NLMK says work is progressing to repair the collapsed iron ore conveyor gallery at Stoilensky plant, which supplies the firm’s principal Lipetsk steelworks. The steelmaker estimates repairs will take 15 days, after which it will take 24 hours to achieve full capacity of the gallery and another 24 hours to reinstate the full processing cycle.
The firm’s dispatches of steel products will not be impacted by the incident, NLMK says, but merchant pig iron dispatches may be affected. The company’s iron ore needs are currently met by existing stocks and external supply has been secured. Kallanish learns that Metalloinvest is supplying the feedstock, and market participants say it is likely the China import price was used as a benchmark.
Stoilensky’s conveyor gallery collapsed on 7 September, halting the iron ore processing chain and leaving NLMK with just ten days of iron ore to supply Lipetsk (see Kallanish passim). This plant produces all of the company’s merchant metallic and semi-finished products, including slab for its European re-rolling assets. Its monthly needs are around 200,000-230,000 tonnes.

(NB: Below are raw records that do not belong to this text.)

lemma group_SP: "group (SP n)"
proof (rule groupI)
  fix a b c assume abc: "a \<in> carrier (SP n)" "b \<in> carrier (SP n)" "c \<in> carrier (SP n)"
  have "sp_mult n (sp_mult n a b) c i = sp_mult n a (sp_mult n b c) i" for i
  proof (cases "i \<in> {1..n}")
    case True
    then show ?thesis
      using abc Pn_in_range[of c n i] Pn_neq_0[of c n i]
      by (simp add: sp_mult_def abs_mult sgn_mult)
  qed (auto simp: sp_mult_def)
  then show "a \<otimes>\<^bsub>SP n\<^esub> b \<otimes>\<^bsub>SP n\<^esub> c = a \<otimes>\<^bsub>SP n\<^esub> (b \<otimes>\<^bsub>SP n\<^esub> c)"
    by (simp add: fun_eq_iff)
next
  fix a assume a: "a \<in> carrier (SP n)"
  have "sp_mult n (sp_one n) a i = a i" for i
    using a Pn_in_range[of a n i] Pn_outside[of a n i]
    by (cases "i \<in> {1..n}") (simp_all add: sp_mult_def sp_one_def sgn_mult_abs)
  then show "\<one>\<^bsub>SP n\<^esub> \<otimes>\<^bsub>SP n\<^esub> a = a"
    by (simp add: fun_eq_iff)
  show "\<exists>b \<in> carrier (SP n). b \<otimes>\<^bsub>SP n\<^esub> a = \<one>\<^bsub>SP n\<^esub>"
    using sp_inverse_Pn[of a n] a by auto
qed (simp_all add: sp_mult_Pn sp_one_Pn)

definition signed_perm :: "nat \<Rightarrow> (nat \<Rightarrow> int) \<times> (nat \<Rightarrow> nat) \<Rightarrow> nat \<Rightarrow> int" where
  "signed_perm n = (\<lambda>(s, p) i. if i \<in> {1..n} then s i * int (p i) else 0)"
lemma matrix_inv_unique:
  assumes "invertible (M :: real^'n^'m)" and "N ** M = mat 1"
  shows "N = matrix_inv M"
proof -
  have "N = N ** (M ** matrix_inv M)"
    by (simp add: matrix_inv_inverse(1)[OF assms(1)])
  also have "\<dots> = matrix_inv M"
    by (simp add: matrix_mul_assoc assms(2))
  finally show ?thesis .
qed

lemma sums_matrixI:
  fixes f :: "nat \<Rightarrow> real^'n^'m"
  assumes "\<And>i j. (\<lambda>k. f k $ i $ j) sums (S $ i $ j)"
  shows "f sums S"
  using assms unfolding sums_def by (intro vec_tendstoI) simp

lemma bounded_linear_matrix_mult_left: "bounded_linear (\<lambda>X :: real^'p^'n. C ** X)"
  by (rule linear_conv_bounded_linear[THEN iffD1], rule linearI)
     (simp_all add: matrix_add_ldistrib matrix_scalar_ac scalar_matrix_assoc)

lemma bounded_linear_matrix_mult_right: "bounded_linear (\<lambda>X :: real^'n^'m. X ** C)"
  by (rule linear_conv_bounded_linear[THEN iffD1], rule linearI)
     (simp_all add: vec_eq_iff matrix_matrix_mult_def sum.distrib algebra_simps sum_distrib_left)

lemma bounded_linear_transpose: "bounded_linear (transpose :: real^'n^'m \<Rightarrow> real^'m^'n)"
  by (rule linear_conv_bounded_linear[THEN iffD1], rule linearI)
     (simp_all add: vec_eq_iff transpose_def)

lemma bounded_linear_quadratic_form: "bounded_linear (\<lambda>X :: real^'n^'n. x \<bullet> (X *v x))"
  by (rule linear_conv_bounded_linear[THEN iffD1], rule linearI)
     (simp_all add: matrix_vector_mult_add_rdistrib inner_add_right scaleR_matrix_vector_assoc[symmetric])
(* For all integers $n\ge k\ge1$, there exists a monotone $(n-k)$-admissible $k$-CNF formula $F$ on $n$ variables with $|\mathrm{sat}_{n-k}(F)|=S(n,n-k,k)$.
   Context: A $k$-CNF formula is a conjunction of clauses (disjunctions of literals) each of width at most $k$; it is monotone if no literal is negated. $\mathrm{sat}_t(F)$ is the set of satisfying assignments of Hamming weight exactly $t$; $F$ is $t$-admissible if it has no satisfying assignment of Hamming weight less than $t$; $S(n,t,k)$ is the maximum of $|\mathrm{sat}_t(F)|$ over all $t$-admissible $k$-CNF formulas $F$ on $n$ variables. *)

theory Defs
  imports Main
begin

text \<open>Variables are natural numbers; a formula on n variables uses variables 0..n-1.
A literal is a pair (i, b): b = True means the positive literal x_i, b = False means its negation.
An assignment is identified with the set of variables set to true; its Hamming weight is its cardinality.\<close>

type_synonym lit = "nat \<times> bool"
type_synonym clause = "lit set"
type_synonym cnf = "clause set"

definition is_kCNF :: "nat \<Rightarrow> nat \<Rightarrow> cnf \<Rightarrow> bool" where
  "is_kCNF n k F \<longleftrightarrow> (\<forall>C\<in>F. finite C \<and> card C \<le> k \<and> (\<forall>(i, b)\<in>C. i < n))"

definition monotone_cnf :: "cnf \<Rightarrow> bool" where
  "monotone_cnf F \<longleftrightarrow> (\<forall>C\<in>F. \<forall>(i, b)\<in>C. b)"

definition satisfies :: "nat set \<Rightarrow> cnf \<Rightarrow> bool" where
  "satisfies A F \<longleftrightarrow> (\<forall>C\<in>F. \<exists>(i, b)\<in>C. (i \<in> A) = b)"

definition sat_t :: "nat \<Rightarrow> nat \<Rightarrow> cnf \<Rightarrow> nat set set" where
  "sat_t n t F = {A. A \<subseteq> {0..<n} \<and> card A = t \<and> satisfies A F}"

definition admissible :: "nat \<Rightarrow> nat \<Rightarrow> cnf \<Rightarrow> bool" where
  "admissible n t F \<longleftrightarrow> (\<forall>A. A \<subseteq> {0..<n} \<and> card A < t \<longrightarrow> \<not> satisfies A F)"

definition S :: "nat \<Rightarrow> nat \<Rightarrow> nat \<Rightarrow> nat" where
  "S n t k = Max {card (sat_t n t F) | F. is_kCNF n k F \<and> admissible n t F}"

end

theory Submission
  imports Defs
begin

text \<open>Let F attain S(n, n-k, k) and let G be its set of weight-(n-k) solutions. The monotone
k-CNF whose clauses are the k-sets B with [n] - B \<notin> G still accepts every member of G. It is
(n-k)-admissible: a lighter solution A would leave a (k+1)-set D outside A such that every
[n] - (D - {x}) with x \<in> D lies in G. Each clause of F misses some x \<in> D, so [n] - D satisfies F
as well, contradicting the admissibility of F at weight n-k-1.\<close>

lemma sat_t_subset_Pow: "sat_t n t F \<subseteq> Pow {0..<n}"
  by (auto simp: sat_t_def)

lemma finite_sat_t: "finite (sat_t n t F)"
  using finite_subset[OF sat_t_subset_Pow] by blast

lemma S_attained:
  "\<exists>F. is_kCNF n k F \<and> admissible n t F \<and> card (sat_t n t F) = S n t k"
  and card_sat_t_le_S:
  "is_kCNF n k F \<Longrightarrow> admissible n t F \<Longrightarrow> card (sat_t n t F) \<le> S n t k"
proof -
  let ?M = "{card (sat_t n t F) | F. is_kCNF n k F \<and> admissible n t F}"
  have "?M \<subseteq> {..2 ^ n}"
    using card_mono[OF _ sat_t_subset_Pow] by (force simp: card_Pow)
  hence fin: "finite ?M"
    by (rule finite_subset) simp
  have "is_kCNF n k {{}} \<and> admissible n t {{}}"
    by (auto simp: is_kCNF_def admissible_def satisfies_def)
  hence "?M \<noteq> {}" by blast
  with fin have "Max ?M \<in> ?M" by (rule Max_in)
  thus "\<exists>F. is_kCNF n k F \<and> admissible n t F \<and> card (sat_t n t F) = S n t k"
    by (auto simp: S_def)
  show "is_kCNF n k F \<Longrightarrow> admissible n t F \<Longrightarrow> card (sat_t n t F) \<le> S n t k"
    unfolding S_def using fin by (auto intro!: Max_ge)
qed

lemma satisfies_if_satisfies_insert:
  assumes F: "is_kCNF n k F" and D: "k < card D"
    and sat: "\<And>x. x \<in> D \<Longrightarrow> satisfies (insert x A) F"
  shows "satisfies A F"
  unfolding satisfies_def
proof
  fix C assume C: "C \<in> F"
  with F have "finite C" "card C \<le> k" by (auto simp: is_kCNF_def)
  hence "card (fst ` C) < card D"
    using card_image_le[of C fst] D by linarith
  hence "\<not> D \<subseteq> fst ` C"
    using card_mono[OF finite_imageI[OF \<open>finite C\<close>]] by (meson leD)
  then obtain x where x: "x \<in> D" "x \<notin> fst ` C" by blast
  from sat[OF x(1)] C obtain i b where ib: "(i, b) \<in> C" "(i \<in> insert x A) = b"
    by (auto simp: satisfies_def)
  have "i \<noteq> x" using ib(1) x(2) by force
  with ib show "\<exists>(i, b)\<in>C. (i \<in> A) = b" by auto
qed

definition hitting_cnf :: "nat \<Rightarrow> nat \<Rightarrow> nat set set \<Rightarrow> cnf" where
  "hitting_cnf n k G =
     {(\<lambda>i. (i, True)) ` B | B. B \<subseteq> {0..<n} \<and> card B = k \<and> {0..<n} - B \<notin> G}"

lemma is_kCNF_hitting_cnf: "is_kCNF n k (hitting_cnf n k G)"
  by (auto simp: is_kCNF_def hitting_cnf_def card_image_le finite_subset)

lemma monotone_hitting_cnf: "monotone_cnf (hitting_cnf n k G)"
  by (auto simp: monotone_cnf_def hitting_cnf_def)

lemma satisfies_hitting_cnf_iff:
  "satisfies A (hitting_cnf n k G) \<longleftrightarrow>
     (\<forall>B. B \<subseteq> {0..<n} \<longrightarrow> card B = k \<longrightarrow> {0..<n} - B \<notin> G \<longrightarrow> A \<inter> B \<noteq> {})"
  unfolding satisfies_def hitting_cnf_def by auto

lemma subset_sat_t_hitting_cnf:
  assumes "G \<subseteq> sat_t n (n - k) F"
  shows "G \<subseteq> sat_t n (n - k) (hitting_cnf n k G)"
proof
  fix A assume "A \<in> G"
  with assms have A: "A \<subseteq> {0..<n}" "card A = n - k" by (auto simp: sat_t_def)
  have "A \<inter> B \<noteq> {}" if B: "B \<subseteq> {0..<n}" "card B = k" "{0..<n} - B \<notin> G" for B
  proof
    assume "A \<inter> B = {}"
    with A have "A \<subseteq> {0..<n} - B" by blast
    moreover have "card ({0..<n} - B) = n - k"
      using B card_Diff_subset[of B "{0..<n}"] finite_subset[of B "{0..<n}"] by simp
    ultimately have "A = {0..<n} - B"
      using A by (intro card_subset_eq) auto
    with \<open>A \<in> G\<close> B(3) show False by simp
  qed
  with A show "A \<in> sat_t n (n - k) (hitting_cnf n k G)"
    by (simp add: sat_t_def satisfies_hitting_cnf_iff)
qed

lemma admissible_hitting_cnf:
  assumes F: "is_kCNF n k F" and adm: "admissible n (n - k) F"
  shows "admissible n (n - k) (hitting_cnf n k (sat_t n (n - k) F))"
  unfolding admissible_def
proof (intro allI impI notI)
  let ?G = "sat_t n (n - k) F"
  fix A assume A: "A \<subseteq> {0..<n} \<and> card A < n - k"
    and satA: "satisfies A (hitting_cnf n k ?G)"
  have "card ({0..<n} - A) = n - card A"
    using A card_Diff_subset[of A "{0..<n}"] finite_subset[of A "{0..<n}"] by simp
  with A obtain D where D: "D \<subseteq> {0..<n} - A" "card D = k + 1"
    using obtain_subset_with_card_n[of "k + 1" "{0..<n} - A"] by force
  hence "finite D" by (simp add: finite_subset)
  have "satisfies (insert x ({0..<n} - D)) F" if "x \<in> D" for x
  proof -
    have "card (D - {x}) = k" using that D(2) \<open>finite D\<close> by simp
    moreover have "A \<inter> (D - {x}) = {}" using D(1) by blast
    ultimately have "{0..<n} - (D - {x}) \<in> ?G"
      using satA D(1) unfolding satisfies_hitting_cnf_iff
      by (metis Diff_subset subset_trans)
    moreover have "{0..<n} - (D - {x}) = insert x ({0..<n} - D)"
      using that D(1) by blast
    ultimately show ?thesis by (simp add: sat_t_def)
  qed
  hence "satisfies ({0..<n} - D) F"
    using satisfies_if_satisfies_insert[OF F] D(2) by (metis less_add_one)
  moreover have "card ({0..<n} - D) < n - k"
  proof -
    have "D \<subseteq> {0..<n}" using D(1) by blast
    hence "k + 1 \<le> n" and "card ({0..<n} - D) = n - (k + 1)"
      using D(2) card_mono[of "{0..<n}" D] card_Diff_subset[of D "{0..<n}"] \<open>finite D\<close> by auto
    thus ?thesis by linarith
  qed
  ultimately show False
    using adm by (auto simp: admissible_def)
qed

theorem lemma5:
  fixes n k :: nat
  assumes "1 \<le> k" and "k \<le> n"
  shows "\<exists>F. is_kCNF n k F \<and> monotone_cnf F \<and> admissible n (n - k) F
              \<and> card (sat_t n (n - k) F) = S n (n - k) k"
proof -
  obtain F where F: "is_kCNF n k F" "admissible n (n - k) F"
    and opt: "card (sat_t n (n - k) F) = S n (n - k) k"
    using S_attained by blast
  let ?H = "hitting_cnf n k (sat_t n (n - k) F)"
  have adm: "admissible n (n - k) ?H"
    using admissible_hitting_cnf[OF F] .
  have "S n (n - k) k \<le> card (sat_t n (n - k) ?H)"
    using opt card_mono[OF finite_sat_t subset_sat_t_hitting_cnf[OF order_refl, of n k F]]
    by simp
  moreover have "card (sat_t n (n - k) ?H) \<le> S n (n - k) k"
    using card_sat_t_le_S[OF is_kCNF_hitting_cnf adm] .
  ultimately show ?thesis
    using is_kCNF_hitting_cnf monotone_hitting_cnf adm le_antisym by blast
qed

end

Provided the repairs and recommissioning go according to plan, there is unlikely to be any effect on finished product sales and prices, although some degree of support to pig iron merchant prices is expected. Following the incident, some CIS pig iron suppliers have withheld from entering into direct negotiations, and some reviewed their offers upwards to around $355-365/t fob Black Sea, depending on the market. One Russian supplier voiced offers at $380-390/t fob to all markets.